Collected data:

lemma mat_entries_bounded:
  fixes M :: "real mat"
  obtains K where "0 \<le> K" and "\<And>i j. i < n \<Longrightarrow> j < n \<Longrightarrow> \<bar>M $$ (i, j)\<bar> \<le> K"
proof
  let ?row = "\<lambda>i. \<Sum>j<n. \<bar>M $$ (i, j)\<bar>"
  show "0 \<le> (\<Sum>i<n. ?row i)" by (auto intro: sum_nonneg)
  fix i j assume "i < n" "j < n"
  have "\<bar>M $$ (i, j)\<bar> \<le> ?row i"
    using \<open>j < n\<close> by (intro member_le_sum) auto
  also have "\<dots> \<le> (\<Sum>i<n. ?row i)"
    using \<open>i < n\<close> by (intro member_le_sum[where f = ?row]) (auto intro: sum_nonneg)
  finally show "\<bar>M $$ (i, j)\<bar> \<le> (\<Sum>i<n. ?row i)" .
qed

lemma abs_index_pow_mat_le:
  fixes M :: "real mat"
  assumes M: "M \<in> carrier_mat n n" and K0: "0 \<le> K"
    and K: "\<And>i j. i < n \<Longrightarrow> j < n \<Longrightarrow> \<bar>M $$ (i, j)\<bar> \<le> K"
    and "i < n" "j < n"
  shows "\<bar>(M ^\<^sub>m k) $$ (i, j)\<bar> \<le> (real n * K) ^ k"
  using \<open>i < n\<close> \<open>j < n\<close>
proof (induction k arbitrary: i j)
  case 0
  then show ?case using M by auto
next
  case (Suc k)
  have "(M ^\<^sub>m Suc k) $$ (i, j) = (\<Sum>l<n. (M ^\<^sub>m k) $$ (i, l) * M $$ (l, j))"
    unfolding pow_mat.simps by (rule index_mult_mat_sum[of _ n n _ n]) (use M Suc in auto)
  also have "\<bar>\<dots>\<bar> \<le> (\<Sum>l<n. \<bar>(M ^\<^sub>m k) $$ (i, l) * M $$ (l, j)\<bar>)" by (rule sum_abs)
  also have "\<dots> \<le> (\<Sum>l<n. (real n * K) ^ k * K)"
    by (intro sum_mono) (use Suc K K0 in \<open>auto simp: abs_mult intro!: mult_mono\<close>)
  also have "\<dots> = (real n * K) ^ Suc k" by simp
  finally show ?case .
qed

lemma summable_mat_exp_series:
  fixes M :: "real mat"
  assumes M: "M \<in> carrier_mat n n" and ij: "i < n" "j < n"
  shows "summable (\<lambda>k. (M ^\<^sub>m k) $$ (i, j) / fact k * t ^ k)"
proof -
  obtain K where K0: "0 \<le> K" and K: "\<And>i j. i < n \<Longrightarrow> j < n \<Longrightarrow> \<bar>M $$ (i, j)\<bar> \<le> K"
    using mat_entries_bounded[of n M] by blast
  have bound: "norm ((M ^\<^sub>m k) $$ (i, j) / fact k * t ^ k) \<le> (real n * K * \<bar>t\<bar>) ^ k / fact k" for k
  proof -
    have "norm ((M ^\<^sub>m k) $$ (i, j) / fact k * t ^ k) = \<bar>(M ^\<^sub>m k) $$ (i, j)\<bar> * \<bar>t\<bar> ^ k / fact k"
      by (simp add: abs_mult power_abs)
    also have "\<dots> \<le> (real n * K) ^ k * \<bar>t\<bar> ^ k / fact k"
      by (intro divide_right_mono mult_right_mono abs_index_pow_mat_le[OF M K0 K ij]) auto
    finally show ?thesis by (simp add: power_mult_distrib)
  qed
  have "summable (\<lambda>k. (real n * K * \<bar>t\<bar>) ^ k / fact k)"
    using summable_exp[of "real n * K * \<bar>t\<bar>"] by (simp add: field_simps)
  then show ?thesis
    by (rule summable_comparison_test_ev[OF always_eventually, rotated]) (use bound in blast)
qed

lemma mat_exp_carrier [simp]: "M \<in> carrier_mat n n \<Longrightarrow> mat_exp M t \<in> carrier_mat n n"
  unfolding mat_exp_def by auto

lemma index_mat_exp:
  "M \<in> carrier_mat n n \<Longrightarrow> i < n \<Longrightarrow> j < n \<Longrightarrow>
    mat_exp M t $$ (i, j) = (\<Sum>k. (M ^\<^sub>m k) $$ (i, j) / fact k * t ^ k)"
  unfolding mat_exp_def by (simp add: mult.commute)

lemma mat_exp_zero:
  assumes M: "M \<in> carrier_mat n n"
  shows "mat_exp M 0 = 1\<^sub>m n"
proof (rule eq_matI)
  fix i j assume ij: "i < dim_row (1\<^sub>m n)" "j < dim_col (1\<^sub>m n)"
  have "(\<Sum>k. (M ^\<^sub>m k) $$ (i, j) / fact k * (0::real) ^ k) = (M ^\<^sub>m 0) $$ (i, j)"
    by (subst suminf_finite[of "{0}"]) auto
  then show "mat_exp M 0 $$ (i, j) = 1\<^sub>m n $$ (i, j)"
    using ij M by (simp add: index_mat_exp[OF M])
qed (use M in \<open>auto simp: mat_exp_def\<close>)
(* Let $\mathcal P=\{p_0,\dots,p_6\}$ be a typical heptagonal $7$-configuration with a cyclic numeration, indices taken modulo $7$, and let $0\le i\le 6$. Then: (a) $d_{i,j}+d_{i+1,j}=1$ for all $0\le j\le 6$ with $j\ne i,i+1$; (b) if $d(p_i)\ne 0,6$, then $d_{i,i+1}=d_{i+1,i}$ and $d_{i-1,i}=d_{i,i-1}$; (c) if $d(p_i)\ne 0,6$, then $d_{i-1,i}\ne d_{i,i+1}$.
   Context: A $7$-configuration is a set of $7$ distinct points in $\mathbb{RP}^2$; it is typical if no three of its points are collinear and no six lie on a common conic. It is heptagonal if there is a line $\ell$ disjoint from it such that its points are the vertices of a convex heptagon in the affine plane $\mathbb{RP}^2\smallsetminus\ell$; a cyclic numeration $p_0,\dots,p_6$ lists the points as consecutive vertices of this heptagon. For $i\ne j$ let $Q_{i,j}$ be the conic through the five points of $\mathcal P\smallsetminus\{p_i,p_j\}$, and set $d_{i,j}=0$ if $p_i$ lies inside $Q_{i,j}$ and $d_{i,j}=1$ if $p_i$ lies outside $Q_{i,j}$ ("inside" = the component of the complement of the conic homeomorphic to a disc). The dominance index is $d(p_i)=\sum_{j\ne i}d_{i,j}$. *)

theory Defs
  imports "HOL-Analysis.Analysis"
begin

text \<open>Points of RP^2 are represented by nonzero vectors of real^3 (homogeneous
coordinates).  A 7-configuration with a numeration is a map from the index type 7
(integers mod 7) to real^3.\<close>

definition mat3 :: "real^3 \<Rightarrow> real^3 \<Rightarrow> real^3 \<Rightarrow> real^3^3" where
  "mat3 a b c = (\<chi> r. if r = 1 then a else if r = 2 then b else c)"

definition det3 :: "real^3 \<Rightarrow> real^3 \<Rightarrow> real^3 \<Rightarrow> real" where
  "det3 a b c = det (mat3 a b c)"

text \<open>Quadratic form of a symmetric matrix; a conic is the zero set of a nonzero
quadratic form (matrix up to nonzero scaling).\<close>

definition qf :: "real^3^3 \<Rightarrow> real^3 \<Rightarrow> real" where
  "qf A x = x \<bullet> (A *v x)"

definition conic_through :: "real^3^3 \<Rightarrow> (real^3) set \<Rightarrow> bool" where
  "conic_through A S \<longleftrightarrow> transpose A = A \<and> A \<noteq> 0 \<and> (\<forall>x\<in>S. qf A x = 0)"

definition config7 :: "(7 \<Rightarrow> real^3) \<Rightarrow> bool" where
  "config7 p \<longleftrightarrow> (\<forall>k. p k \<noteq> 0) \<and> (\<forall>a b. a \<noteq> b \<longrightarrow> \<not> (\<exists>c. p a = c *\<^sub>R p b))"
(* Let $\Gamma\subset PGL_{2n+2}(\mathbb{C})$ be a group of type $\mathcal{L}$, and suppose the homogeneous coordinates $[z':z'']$ on $\mathbb{P}^{2n+1}$ are such that there is $R>0$ with $V_R=\{[z':z'']: \|z'\|>R\|z''\|\}\subset\Omega(\Gamma)$ and $g(V_R)\cap V_R=\emptyset$ for every $g\in\Gamma\setminus\{1\}$. Then there is a constant $R_0>0$ such that for every $g\in\Gamma\setminus\{1\}$, with representative $\begin{pmatrix}A_g&B_g\\C_g&D_g\end{pmatrix}\in SL_{2n+2}(\mathbb{C})$: (i) $\det C_g\neq0$; (ii) $\|A_gC_g^{-1}\|\leq R_0$; (iii) $\|C_g^{-1}D_g\|\leq R_0$.
   Context: $z'=(z^0,\dots,z^n)$, $z''=(z^{n+1},\dots,z^{2n+1})$; $\|\cdot\|$ is the Euclidean norm on vectors and the associated operator norm on matrices; $A_g,B_g,C_g,D_g\in M_{n+1}(\mathbb{C})$. Type $\mathcal{L}$: an $n$-plane is an $n$-dimensional projective linear subspace of $\mathbb{P}^{2n+1}$; with $N=\binom{2n+2}{n+1}-1$, $\mathcal{G}\subset\mathbb{P}^N=\mathbb{P}(\Lambda^{n+1}\mathbb{C}^{2n+2})$ the Plücker-embedded Grassmannian, $\hat\ell$ the Plücker point of $\ell$ and $\hat\sigma$ the induced action of $\sigma$ on $\mathbb{P}^N$; for pairwise distinct $(\tau_\nu)\subset PGL_{m+1}(\mathbb{C})$ with representatives normalized to have largest entry of absolute value $1$ that can be chosen to converge to $T$, the limit image is $\mathbb{P}(\operatorname{Im}T)$; a sequence in a discrete $\Gamma$ is normal if it consists of distinct elements and both it and $(\hat\sigma_\nu)$ have such convergent representatives; a limit $n$-plane is an $\ell$ with $\hat\ell$ in the limit image of some $(\hat\sigma_\nu)$ with $(\sigma_\nu)$ normal; $\Omega(\Gamma)$ is the complement of the union of limit $n$-planes; $\Gamma$ is of type $\mathcal{L}$ if it is discrete and $\Omega(\Gamma)$ contains a domain containing an $n$-plane. *)

theory Defs
  imports "HOL-Analysis.Analysis"
    "Jordan_Normal_Form.Determinant"
    "Jordan_Normal_Form.DL_Submatrix"
    "Jordan_Normal_Form.Gauss_Jordan_Elimination"
begin

definition euc_norm :: "complex vec \<Rightarrow> real" where
  "euc_norm v = sqrt (\<Sum>i<dim_vec v. (cmod (v $ i))\<^sup>2)"

definition op_norm :: "complex mat \<Rightarrow> real" where
  "op_norm M = Sup {euc_norm (M *\<^sub>v v) | v. v \<in> carrier_vec (dim_col M) \<and> euc_norm v \<le> 1}"

definition mat_inv :: "complex mat \<Rightarrow> complex mat" where
  "mat_inv M = the (mat_inverse M)"

text \<open>An element of PGL_m(C) is represented by its class of representatives
 (all nonzero scalar multiples of one invertible m x m matrix).\<close>

definition pgl_cls :: "complex mat \<Rightarrow> complex mat set" where
  "pgl_cls A = {c \<cdot>\<^sub>m A | c. c \<noteq> 0}"

definition PGL :: "nat \<Rightarrow> complex mat set set" where
  "PGL m = {pgl_cls A | A. A \<in> carrier_mat m m \<and> det A \<noteq> 0}"

definition pgl_one :: "nat \<Rightarrow> complex mat set" where
  "pgl_one m = pgl_cls (1\<^sub>m m)"

definition is_subgroup_PGL :: "nat \<Rightarrow> complex mat set set \<Rightarrow> bool" where
  "is_subgroup_PGL m \<Gamma> \<longleftrightarrow> \<Gamma> \<subseteq> PGL m \<and> pgl_one m \<in> \<Gamma>
     \<and> (\<forall>g\<in>\<Gamma>. \<forall>h\<in>\<Gamma>. \<forall>A\<in>g. \<forall>B\<in>h. pgl_cls (A * B) \<in> \<Gamma>)
     \<and> (\<forall>g\<in>\<Gamma>. \<forall>A\<in>g. \<forall>B. B \<in> carrier_mat m m \<and> A * B = 1\<^sub>m m \<longrightarrow> pgl_cls B \<in> \<Gamma>)"

definition mat_conv :: "nat \<Rightarrow> (nat \<Rightarrow> complex mat) \<Rightarrow> complex mat \<Rightarrow> bool" where
  "mat_conv m As A \<longleftrightarrow> (\<forall>i<m. \<forall>j<m. (\<lambda>k. As k $$ (i,j)) \<longlonglongrightarrow> A $$ (i,j))"

text \<open>Discreteness in the (quotient) topology of PGL_m(C): no element of \<Gamma> is a limit
 of a sequence of other elements of \<Gamma> (convergence in PGL = convergence of suitable
 representatives).\<close>
definition discrete_PGL :: "nat \<Rightarrow> complex mat set set \<Rightarrow> bool" where
  "discrete_PGL m \<Gamma> \<longleftrightarrow> (\<forall>g\<in>\<Gamma>. \<not> (\<exists>gs As A. (\<forall>k. gs k \<in> \<Gamma> - {g} \<and> As k \<in> gs k)
        \<and> A \<in> g \<and> mat_conv m As A))"

text \<open>Generic square matrices indexed by a finite index set X (used both for
 C^{2n+2}, X = {0..2n+1}, and for the exterior power, X = (n+1)-subsets).\<close>

definition max_abs_one :: "'i set \<Rightarrow> ('i \<Rightarrow> 'i \<Rightarrow> complex) \<Rightarrow> bool" where
  "max_abs_one X T \<longleftrightarrow> Max {cmod (T i j) | i j. i \<in> X \<and> j \<in> X} = 1"

definition norm_conv :: "'i set \<Rightarrow> (nat \<Rightarrow> ('i \<Rightarrow> 'i \<Rightarrow> complex) set) \<Rightarrow> ('i \<Rightarrow> 'i \<Rightarrow> complex) \<Rightarrow> bool" where
  "norm_conv X cls T \<longleftrightarrow> (\<exists>Ts. (\<forall>k. Ts k \<in> cls k \<and> max_abs_one X (Ts k))
      \<and> (\<forall>i\<in>X. \<forall>j\<in>X. (\<lambda>k. Ts k i j) \<longlonglongrightarrow> T i j))"

definition gimage :: "'i set \<Rightarrow> ('i \<Rightarrow> 'i \<Rightarrow> complex) \<Rightarrow> ('i \<Rightarrow> complex) set" where
  "gimage X T = {(\<lambda>i. if i \<in> X then (\<Sum>j\<in>X. T i j * v j) else 0) | v. True}"

definition subsets_k :: "nat \<Rightarrow> nat \<Rightarrow> nat set set" where
  "subsets_k m k = {I. I \<subseteq> {..<m} \<and> card I = k}"

definition mfun :: "complex mat \<Rightarrow> nat \<Rightarrow> nat \<Rightarrow> complex" where
  "mfun A i j = A $$ (i,j)"

text \<open>k-th compound matrix (matrix of Lambda^k A w.r.t. the standard basis e_I, I increasing).\<close>
definition compound :: "nat \<Rightarrow> complex mat \<Rightarrow> nat set \<Rightarrow> nat set \<Rightarrow> complex" where
  "compound k A I J = det (submatrix A I J)"

text \<open>Class of the induced transformation \<sigma>^ on P(Lambda^{n+1} C^{2n+2}).\<close>
definition hat_cls :: "nat \<Rightarrow> complex mat set \<Rightarrow> (nat set \<Rightarrow> nat set \<Rightarrow> complex) set" where
  "hat_cls n g = {(\<lambda>I J. c * compound (n+1) A I J) | c A. c \<noteq> 0 \<and> A \<in> g}"

text \<open>An n-plane of P^{2n+1} is given by a basis matrix M (size (2n+2) x (n+1), full column rank);
 its points are the (representatives of) [M c], c \<noteq> 0.\<close>
definition is_plane_basis :: "nat \<Rightarrow> complex mat \<Rightarrow> bool" where
  "is_plane_basis n M \<longleftrightarrow> M \<in> carrier_mat (2*n+2) (n+1)
      \<and> (\<forall>c\<in>carrier_vec (n+1). M *\<^sub>v c = 0\<^sub>v (2*n+2) \<longrightarrow> c = 0\<^sub>v (n+1))"

definition plane_points :: "nat \<Rightarrow> complex mat \<Rightarrow> complex vec set" where
  "plane_points n M = {M *\<^sub>v c | c. c \<in> carrier_vec (n+1) \<and> c \<noteq> 0\<^sub>v (n+1)}"

definition pluecker :: "nat \<Rightarrow> complex mat \<Rightarrow> nat set \<Rightarrow> complex" where
  "pluecker n M I = (if I \<in> subsets_k (2*n+2) (n+1) then det (submatrix M I {..<n+1}) else 0)"

definition normal_seq :: "nat \<Rightarrow> complex mat set set \<Rightarrow> (nat \<Rightarrow> complex mat set) \<Rightarrow> bool" where
  "normal_seq n \<Gamma> \<sigma> \<longleftrightarrow> (\<forall>k. \<sigma> k \<in> \<Gamma>) \<and> inj \<sigma>
     \<and> (\<exists>T. norm_conv {..<2*n+2} (\<lambda>k. mfun ` \<sigma> k) T)
     \<and> (\<exists>T. norm_conv (subsets_k (2*n+2) (n+1)) (\<lambda>k. hat_cls n (\<sigma> k)) T)"

definition limit_plane :: "nat \<Rightarrow> complex mat set set \<Rightarrow> complex mat \<Rightarrow> bool" where
  "limit_plane n \<Gamma> M \<longleftrightarrow> is_plane_basis n M \<and>
     (\<exists>\<sigma> T. normal_seq n \<Gamma> \<sigma> \<and> norm_conv (subsets_k (2*n+2) (n+1)) (\<lambda>k. hat_cls n (\<sigma> k)) T
        \<and> pluecker n M \<in> gimage (subsets_k (2*n+2) (n+1)) T)"

text \<open>Subsets of P^{2n+1} are represented by their cones of nonzero representatives.\<close>
definition Omega :: "nat \<Rightarrow> complex mat set set \<Rightarrow> complex vec set" where
  "Omega n \<Gamma> = (carrier_vec (2*n+2) - {0\<^sub>v (2*n+2)})
      - \<Union> {plane_points n M | M. limit_plane n \<Gamma> M}"

text \<open>Topology on C^m transported from the product topology on nat \<Rightarrow> complex
 (vectors extended by 0), which on this finite-dimensional subspace is the Euclidean one.\<close>
definition vecf :: "complex vec \<Rightarrow> nat \<Rightarrow> complex" where
  "vecf v = (\<lambda>i. if i < dim_vec v then v $ i else 0)"

definition is_cone :: "nat \<Rightarrow> complex vec set \<Rightarrow> bool" where
  "is_cone m D \<longleftrightarrow> D \<subseteq> carrier_vec m - {0\<^sub>v m} \<and> (\<forall>z\<in>D. \<forall>c. c \<noteq> 0 \<longrightarrow> c \<cdot>\<^sub>v z \<in> D)"

text \<open>A domain of P^{m-1}: open connected subset, represented by its (saturated) cone in C^m - {0}.\<close>
definition proj_domain :: "nat \<Rightarrow> complex vec set \<Rightarrow> bool" where
  "proj_domain m D \<longleftrightarrow> is_cone m D \<and> D \<noteq> {}
     \<and> openin (top_of_set (vecf ` (carrier_vec m - {0\<^sub>v m}))) (vecf ` D)
     \<and> connected (vecf ` D)"

definition type_L :: "nat \<Rightarrow> complex mat set set \<Rightarrow> bool" where
  "type_L n \<Gamma> \<longleftrightarrow> is_subgroup_PGL (2*n+2) \<Gamma> \<and> discrete_PGL (2*n+2) \<Gamma>
     \<and> (\<exists>D. proj_domain (2*n+2) D \<and> D \<subseteq> Omega n \<Gamma>
          \<and> (\<exists>M. is_plane_basis n M \<and> plane_points n M \<subseteq> D))"

text \<open>z' = first n+1 coordinates, z'' = last n+1 coordinates.\<close>
definition zfst :: "nat \<Rightarrow> complex vec \<Rightarrow> complex vec" where
  "zfst n z = vec (n+1) (\<lambda>i. z $ i)"

definition zsnd :: "nat \<Rightarrow> complex vec \<Rightarrow> complex vec" where
  "zsnd n z = vec (n+1) (\<lambda>i. z $ (i + (n+1)))"

definition V_R :: "nat \<Rightarrow> real \<Rightarrow> complex vec set" where
  "V_R n R = {z \<in> carrier_vec (2*n+2). euc_norm (zfst n z) > R * euc_norm (zsnd n z)}"

definition pgl_image :: "complex mat set \<Rightarrow> complex vec set \<Rightarrow> complex vec set" where
  "pgl_image g S = {A *\<^sub>v z | A z. A \<in> g \<and> z \<in> S}"

end

theory Submission
  imports Defs
begin

text \<open>Only the escape hypothesis \<open>g(V\<^sub>R) \<inter> V\<^sub>R = {}\<close> and the invertibility of \<open>g\<close> are used, and
  \<open>R\<^sub>0 = R\<close> works.  For \<open>\<parallel>w\<parallel> > R\<parallel>u\<parallel>\<close> the point \<open>[w:u]\<close> lies in \<open>V\<^sub>R\<close>, so its image
  \<open>[Aw + Bu : Cw + Du]\<close> does not, i.e. \<open>\<parallel>Aw + Bu\<parallel> \<le> R\<parallel>Cw + Du\<parallel>\<close>.  In particular \<open>Cw + Du \<noteq> 0\<close>,
  since otherwise \<open>g[w:u] = 0\<close>.  Taking \<open>u = 0\<close> gives \<open>det C \<noteq> 0\<close> and, with \<open>w = C\<^sup>-\<^sup>1v\<close>, the bound
  on \<open>AC\<^sup>-\<^sup>1\<close>; taking \<open>u = v\<close> and \<open>w = -C\<^sup>-\<^sup>1Dv\<close>, which makes \<open>Cw + Du = 0\<close>, forces
  \<open>\<parallel>C\<^sup>-\<^sup>1Dv\<parallel> \<le> R\<parallel>v\<parallel>\<close>.\<close>

lemma euc_norm_nonneg: "0 \<le> euc_norm v"
  unfolding euc_norm_def by (auto intro: sum_nonneg)

lemma euc_norm_zero_vec [simp]: "euc_norm (0\<^sub>v k) = 0"
  unfolding euc_norm_def by simp

lemma euc_norm_uminus [simp]: "euc_norm (- v) = euc_norm v"
  unfolding euc_norm_def by simp

lemma euc_norm_eq_0_iff:
  assumes "v \<in> carrier_vec k"
  shows "euc_norm v = 0 \<longleftrightarrow> v = 0\<^sub>v k"
proof
  assume "euc_norm v = 0"
  then have "(\<Sum>i<dim_vec v. (cmod (v $ i))\<^sup>2) = 0"
    unfolding euc_norm_def by (simp add: sum_nonneg)
  then have "\<forall>i<dim_vec v. v $ i = 0"
    by (subst (asm) sum_nonneg_eq_0_iff) auto
  then show "v = 0\<^sub>v k" using assms by (intro eq_vecI) auto
qed simp

lemma mult_mat_zero_vec [simp]: "(A :: 'a :: semiring_0 mat) \<in> carrier_mat nr nc \<Longrightarrow> A *\<^sub>v 0\<^sub>v nc = 0\<^sub>v nr"
  by (intro eq_vecI) (auto simp: scalar_prod_def)

lemma mult_mat_vec_uminus:
  "(A :: 'a :: ring mat) \<in> carrier_mat nr nc \<Longrightarrow> v \<in> carrier_vec nc \<Longrightarrow> A *\<^sub>v (- v) = - (A *\<^sub>v v)"
  by (intro eq_vecI) (auto simp: scalar_prod_def sum_negf)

> **Activity**
Return only the part of the records above that opens with the line containing "representatives).\<close>" and closes with the line containing "X = (n+1)-subsets).\<close>", ends included.

> **Your response**
 representatives).\<close>
definition discrete_PGL :: "nat \<Rightarrow> complex mat set set \<Rightarrow> bool" where
  "discrete_PGL m \<Gamma> \<longleftrightarrow> (\<forall>g\<in>\<Gamma>. \<not> (\<exists>gs As A. (\<forall>k. gs k \<in> \<Gamma> - {g} \<and> As k \<in> gs k)
        \<and> A \<in> g \<and> mat_conv m As A))"

text \<open>Generic square matrices indexed by a finite index set X (used both for
 C^{2n+2}, X = {0..2n+1}, and for the exterior power, X = (n+1)-subsets).\<close>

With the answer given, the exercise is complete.